Previous studies showed that natural walking reduces the susceptibility to VR sickness. However, many users still experience VR sickness when wearing VR headsets that allow free walking in room-scale spaces. This paper studies VR sickness and postural instability while the user walks in an immersive virtual environment using an electroencephalogram (EEG) headset and a full-body motion capture system. The experiment induced VR sickness by gradually increasing the translation gain beyond the user's detection threshold. A between-group comparison between participants with and without VR sickness symptoms found some significant differences in postural stability but found none on gait patterns during the walking. In the EEG analysis, the group with VR sickness showed a reduction of alpha power, a phenomenon previously linked to a higher workload and efforts to maintain postural control. In contrast, the group without VR sickness exhibited brain activities linked to fine cognitive-motor control. The EEG result provides new insights into the postural instability theory: participants with VR sickness could maintain their postural stability at the cost of a higher cognitive workload. Our result also indicates that the analysis of lower-frequency power could complement behavioural data for continuous VR sickness detection in both stationary and mobile VR setups.

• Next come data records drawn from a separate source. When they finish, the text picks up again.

lemma initial_segment_Omega:
  assumes D: "D \<subseteq> Omega" "D \<in> sets lebesgue"
    and down: "\<And>a b. a \<in> D \<Longrightarrow> b \<in> Omega \<Longrightarrow> b \<le> a \<Longrightarrow> b \<in> D" and m: "m \<in> Omega"
  shows "m < measure lebesgue D \<Longrightarrow> m \<in> D" and "measure lebesgue D < m \<Longrightarrow> m \<notin> D"
proof -
  have D_lmeas: "D \<in> lmeasurable"
    by (rule fmeasurableI2[OF Omega_lmeasurable D(1,2)])
  have m01: "0 < m" "m < 1"
    using m unfolding Omega_def by auto
  show "m \<in> D" if "m < measure lebesgue D"
  proof (rule ccontr)
    assume "m \<notin> D"
    have "D \<subseteq> {0<..<m}"
    proof
      fix d assume "d \<in> D"
      then have "d \<in> Omega"
        using D(1) by blast
      moreover have "\<not> m \<le> d"
        using down[OF \<open>d \<in> D\<close> m] \<open>m \<notin> D\<close> by blast
      ultimately show "d \<in> {0<..<m}"
        unfolding Omega_def by auto
    qed
    then have "measure lebesgue D \<le> m"
      using measure_mono_fmeasurable[OF _ D(2), of "{0<..<m}"] m01 by simp
    with that show False
      by simp
  qed
  show "m \<notin> D" if "measure lebesgue D < m"
  proof
    assume "m \<in> D"
    have "{0<..m} \<subseteq> D"
    proof
      fix b assume "b \<in> {0<..m}"
      then have "b \<in> Omega"
        using m01 unfolding Omega_def by auto
      then show "b \<in> D"
        using down[OF \<open>m \<in> D\<close>] \<open>b \<in> {0<..m}\<close> by auto
    qed
    then have "m \<le> measure lebesgue D"
      using measure_mono_fmeasurable[OF _ _ D_lmeas, of "{0<..m}"] m01 by simp
    with that show False
      by simp
  qed
qed

lemma inK_measurable: "inK X \<Longrightarrow> X \<in> borel_measurable (lebesgue_on Omega)"
  unfolding inK_def L2_def by simp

翻译：既往研究表明，自然行走可降低对VR晕动症的易感性。然而，许多用户在佩戴支持自由行走的VR头显时仍会感到不适。本文通过脑电图设备与全身运动捕捉系统，研究用户在沉浸式虚拟环境中行走时的VR晕动症与姿势不稳定性。实验通过逐步提高超出用户感知阈值的平移增益来诱发VR晕动症。对有/无VR晕动症状的两组被试进行组间比较发现，虽然步态模式无显著差异，但姿势稳定性存在显著差异。脑电图分析显示，有晕动症组呈现出α波功率下降现象——这与先前研究发现的较高认知负荷及维持姿势控制的努力相关；而无晕动症组则表现出与精细认知-运动控制相关的脑活动。该脑电图结果为姿势不稳定性理论提供了新视角：有VR晕动症者虽能维持姿势稳定性，但需付出更高的认知负荷代价。研究结果还表明，低频功率分析可作为行为数据的补充，用于静态与移动VR场景中持续性VR晕动症的检测。